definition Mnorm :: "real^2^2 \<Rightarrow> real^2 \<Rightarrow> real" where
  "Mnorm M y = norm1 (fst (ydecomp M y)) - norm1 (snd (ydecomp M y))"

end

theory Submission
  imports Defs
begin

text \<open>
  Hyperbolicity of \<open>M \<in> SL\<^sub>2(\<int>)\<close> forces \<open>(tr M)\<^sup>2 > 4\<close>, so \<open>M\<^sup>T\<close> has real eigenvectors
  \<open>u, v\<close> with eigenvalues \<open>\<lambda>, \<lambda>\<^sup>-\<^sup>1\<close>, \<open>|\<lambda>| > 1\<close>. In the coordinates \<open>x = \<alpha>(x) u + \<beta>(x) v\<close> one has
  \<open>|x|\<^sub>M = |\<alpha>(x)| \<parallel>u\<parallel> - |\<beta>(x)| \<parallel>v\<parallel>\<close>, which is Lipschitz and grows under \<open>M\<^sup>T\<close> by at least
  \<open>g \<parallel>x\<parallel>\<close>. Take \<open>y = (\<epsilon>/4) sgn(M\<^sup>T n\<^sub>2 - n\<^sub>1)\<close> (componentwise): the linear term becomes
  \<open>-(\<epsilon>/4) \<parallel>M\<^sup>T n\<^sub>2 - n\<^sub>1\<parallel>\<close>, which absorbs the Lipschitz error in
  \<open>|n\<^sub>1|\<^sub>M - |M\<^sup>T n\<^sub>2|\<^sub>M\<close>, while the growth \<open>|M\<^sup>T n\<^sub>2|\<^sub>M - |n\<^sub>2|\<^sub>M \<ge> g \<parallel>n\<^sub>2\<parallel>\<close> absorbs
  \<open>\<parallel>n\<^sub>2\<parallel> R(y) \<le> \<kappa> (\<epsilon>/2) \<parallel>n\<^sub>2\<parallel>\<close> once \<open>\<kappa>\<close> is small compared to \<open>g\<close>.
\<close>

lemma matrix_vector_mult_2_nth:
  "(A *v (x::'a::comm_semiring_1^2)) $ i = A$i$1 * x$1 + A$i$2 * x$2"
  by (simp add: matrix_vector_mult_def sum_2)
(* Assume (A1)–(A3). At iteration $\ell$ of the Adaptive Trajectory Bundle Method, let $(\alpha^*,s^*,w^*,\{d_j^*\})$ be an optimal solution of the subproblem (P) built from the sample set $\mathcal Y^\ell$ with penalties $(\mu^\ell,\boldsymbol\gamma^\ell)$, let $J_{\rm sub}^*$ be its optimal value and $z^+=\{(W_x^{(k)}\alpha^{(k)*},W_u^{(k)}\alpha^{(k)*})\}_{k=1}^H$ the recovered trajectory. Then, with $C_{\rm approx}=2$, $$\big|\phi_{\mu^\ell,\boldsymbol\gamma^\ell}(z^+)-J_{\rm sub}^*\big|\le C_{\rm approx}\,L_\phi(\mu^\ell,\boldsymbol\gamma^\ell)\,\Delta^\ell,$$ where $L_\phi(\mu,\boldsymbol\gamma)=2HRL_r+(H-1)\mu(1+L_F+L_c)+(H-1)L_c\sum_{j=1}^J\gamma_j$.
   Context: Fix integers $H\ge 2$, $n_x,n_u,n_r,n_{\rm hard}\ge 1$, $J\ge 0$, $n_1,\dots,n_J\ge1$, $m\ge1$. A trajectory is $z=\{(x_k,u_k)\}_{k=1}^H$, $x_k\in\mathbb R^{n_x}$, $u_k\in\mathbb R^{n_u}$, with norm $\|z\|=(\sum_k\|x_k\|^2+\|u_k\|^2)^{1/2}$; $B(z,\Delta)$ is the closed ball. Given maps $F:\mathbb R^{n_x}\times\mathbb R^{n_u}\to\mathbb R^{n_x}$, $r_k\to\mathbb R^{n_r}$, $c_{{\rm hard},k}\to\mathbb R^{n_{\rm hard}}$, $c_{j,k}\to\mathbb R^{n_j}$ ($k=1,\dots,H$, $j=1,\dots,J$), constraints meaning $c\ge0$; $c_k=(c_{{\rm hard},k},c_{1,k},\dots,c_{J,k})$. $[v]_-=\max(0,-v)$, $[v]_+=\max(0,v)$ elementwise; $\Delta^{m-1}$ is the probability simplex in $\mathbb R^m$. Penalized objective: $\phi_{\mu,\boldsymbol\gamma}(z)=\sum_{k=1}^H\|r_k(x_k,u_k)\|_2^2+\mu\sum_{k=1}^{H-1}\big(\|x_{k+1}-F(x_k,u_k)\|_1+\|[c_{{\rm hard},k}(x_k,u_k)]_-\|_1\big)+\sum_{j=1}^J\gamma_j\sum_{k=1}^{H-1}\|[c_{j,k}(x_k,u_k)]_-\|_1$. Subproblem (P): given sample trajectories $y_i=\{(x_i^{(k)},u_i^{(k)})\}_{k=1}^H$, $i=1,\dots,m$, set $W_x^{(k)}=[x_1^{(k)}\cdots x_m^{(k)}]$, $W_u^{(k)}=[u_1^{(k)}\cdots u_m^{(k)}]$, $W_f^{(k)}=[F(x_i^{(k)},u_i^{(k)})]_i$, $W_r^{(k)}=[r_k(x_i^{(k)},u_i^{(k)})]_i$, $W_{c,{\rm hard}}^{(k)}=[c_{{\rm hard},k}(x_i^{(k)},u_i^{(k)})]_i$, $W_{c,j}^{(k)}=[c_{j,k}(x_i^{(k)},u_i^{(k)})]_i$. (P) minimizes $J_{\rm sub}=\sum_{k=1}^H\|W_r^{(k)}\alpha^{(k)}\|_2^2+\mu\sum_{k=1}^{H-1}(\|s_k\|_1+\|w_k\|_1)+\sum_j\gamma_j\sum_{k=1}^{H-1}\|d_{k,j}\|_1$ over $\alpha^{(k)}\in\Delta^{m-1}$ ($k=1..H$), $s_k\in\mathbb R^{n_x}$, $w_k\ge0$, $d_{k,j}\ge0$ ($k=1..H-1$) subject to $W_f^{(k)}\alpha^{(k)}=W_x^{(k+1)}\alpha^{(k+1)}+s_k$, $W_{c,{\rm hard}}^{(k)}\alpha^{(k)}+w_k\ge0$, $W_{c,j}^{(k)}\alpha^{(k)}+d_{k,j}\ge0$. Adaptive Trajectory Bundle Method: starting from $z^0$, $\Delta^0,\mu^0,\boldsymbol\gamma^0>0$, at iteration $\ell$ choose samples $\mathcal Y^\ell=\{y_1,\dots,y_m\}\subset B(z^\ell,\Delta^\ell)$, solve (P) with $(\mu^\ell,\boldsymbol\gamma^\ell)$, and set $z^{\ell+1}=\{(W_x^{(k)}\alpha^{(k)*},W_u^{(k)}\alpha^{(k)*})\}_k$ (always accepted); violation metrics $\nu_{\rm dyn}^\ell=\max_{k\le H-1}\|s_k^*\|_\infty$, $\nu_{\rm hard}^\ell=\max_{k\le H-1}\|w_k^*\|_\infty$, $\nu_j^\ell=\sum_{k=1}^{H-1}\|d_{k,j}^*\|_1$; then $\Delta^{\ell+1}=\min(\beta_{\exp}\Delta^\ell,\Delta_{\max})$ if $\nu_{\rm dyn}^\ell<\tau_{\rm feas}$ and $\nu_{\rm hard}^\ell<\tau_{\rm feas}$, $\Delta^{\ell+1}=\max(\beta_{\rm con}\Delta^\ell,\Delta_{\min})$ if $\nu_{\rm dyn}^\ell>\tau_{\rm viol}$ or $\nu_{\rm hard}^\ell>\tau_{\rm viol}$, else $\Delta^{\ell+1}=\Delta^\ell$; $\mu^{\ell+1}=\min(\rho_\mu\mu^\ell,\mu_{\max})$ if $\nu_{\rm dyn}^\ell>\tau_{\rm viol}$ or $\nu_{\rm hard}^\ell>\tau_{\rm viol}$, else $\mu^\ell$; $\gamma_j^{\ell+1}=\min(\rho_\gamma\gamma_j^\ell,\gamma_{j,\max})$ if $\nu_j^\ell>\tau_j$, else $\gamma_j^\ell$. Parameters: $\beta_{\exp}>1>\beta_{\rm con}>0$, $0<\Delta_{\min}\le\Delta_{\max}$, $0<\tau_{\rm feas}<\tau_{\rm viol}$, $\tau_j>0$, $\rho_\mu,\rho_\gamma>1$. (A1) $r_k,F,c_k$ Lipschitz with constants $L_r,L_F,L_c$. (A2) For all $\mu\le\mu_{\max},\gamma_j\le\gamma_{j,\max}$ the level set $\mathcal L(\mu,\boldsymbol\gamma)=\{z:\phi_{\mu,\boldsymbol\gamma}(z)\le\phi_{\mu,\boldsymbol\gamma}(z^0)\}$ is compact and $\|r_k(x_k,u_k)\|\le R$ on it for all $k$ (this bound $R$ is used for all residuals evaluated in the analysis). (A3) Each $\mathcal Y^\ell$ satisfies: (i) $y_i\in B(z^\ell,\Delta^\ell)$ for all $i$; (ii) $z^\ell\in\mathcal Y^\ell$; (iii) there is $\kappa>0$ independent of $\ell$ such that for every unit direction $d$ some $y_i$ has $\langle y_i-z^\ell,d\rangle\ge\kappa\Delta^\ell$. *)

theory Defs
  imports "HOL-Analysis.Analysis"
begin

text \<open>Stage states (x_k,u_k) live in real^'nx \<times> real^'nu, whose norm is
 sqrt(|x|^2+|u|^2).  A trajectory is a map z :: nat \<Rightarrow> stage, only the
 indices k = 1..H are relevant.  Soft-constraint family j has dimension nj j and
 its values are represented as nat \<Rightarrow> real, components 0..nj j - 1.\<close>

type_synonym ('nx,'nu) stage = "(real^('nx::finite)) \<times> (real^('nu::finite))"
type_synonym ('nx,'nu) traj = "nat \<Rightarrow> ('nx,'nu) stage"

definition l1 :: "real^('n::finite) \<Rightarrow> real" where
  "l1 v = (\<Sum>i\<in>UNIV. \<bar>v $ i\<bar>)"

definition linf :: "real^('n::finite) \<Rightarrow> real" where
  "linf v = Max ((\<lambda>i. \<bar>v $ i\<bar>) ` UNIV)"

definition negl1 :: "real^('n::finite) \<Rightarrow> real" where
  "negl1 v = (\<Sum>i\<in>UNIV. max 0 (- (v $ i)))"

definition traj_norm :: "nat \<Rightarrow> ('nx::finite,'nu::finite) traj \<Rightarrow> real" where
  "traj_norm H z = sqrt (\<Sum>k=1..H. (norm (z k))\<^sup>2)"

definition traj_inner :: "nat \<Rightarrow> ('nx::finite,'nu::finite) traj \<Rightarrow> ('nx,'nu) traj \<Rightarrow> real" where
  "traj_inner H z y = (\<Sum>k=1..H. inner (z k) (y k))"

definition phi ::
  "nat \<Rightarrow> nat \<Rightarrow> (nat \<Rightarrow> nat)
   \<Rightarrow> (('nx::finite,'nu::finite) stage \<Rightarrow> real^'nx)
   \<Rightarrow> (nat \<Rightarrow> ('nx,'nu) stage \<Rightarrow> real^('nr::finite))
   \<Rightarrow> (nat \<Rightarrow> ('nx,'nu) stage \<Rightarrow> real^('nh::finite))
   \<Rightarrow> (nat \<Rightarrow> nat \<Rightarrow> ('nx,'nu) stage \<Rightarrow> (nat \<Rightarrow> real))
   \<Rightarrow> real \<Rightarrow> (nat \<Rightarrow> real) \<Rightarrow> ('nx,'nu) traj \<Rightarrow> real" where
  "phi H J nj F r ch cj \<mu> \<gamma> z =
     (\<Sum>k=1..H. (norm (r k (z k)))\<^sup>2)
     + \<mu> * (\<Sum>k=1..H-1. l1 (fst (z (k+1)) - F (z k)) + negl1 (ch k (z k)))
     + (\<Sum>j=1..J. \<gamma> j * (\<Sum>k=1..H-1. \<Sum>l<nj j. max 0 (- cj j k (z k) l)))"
● ● ● ●
[EXERCISE BRIEF]
Only the lines from the one containing "ch cj \<mu>" through the end of the material should be copied, exactly as they stand; please keep both ends.

[TASK RESULT]
  "phi H J nj F r ch cj \<mu> \<gamma> z =
     (\<Sum>k=1..H. (norm (r k (z k)))\<^sup>2)
     + \<mu> * (\<Sum>k=1..H-1. l1 (fst (z (k+1)) - F (z k)) + negl1 (ch k (z k)))
     + (\<Sum>j=1..J. \<gamma> j * (\<Sum>k=1..H-1. \<Sum>l<nj j. max 0 (- cj j k (z k) l)))"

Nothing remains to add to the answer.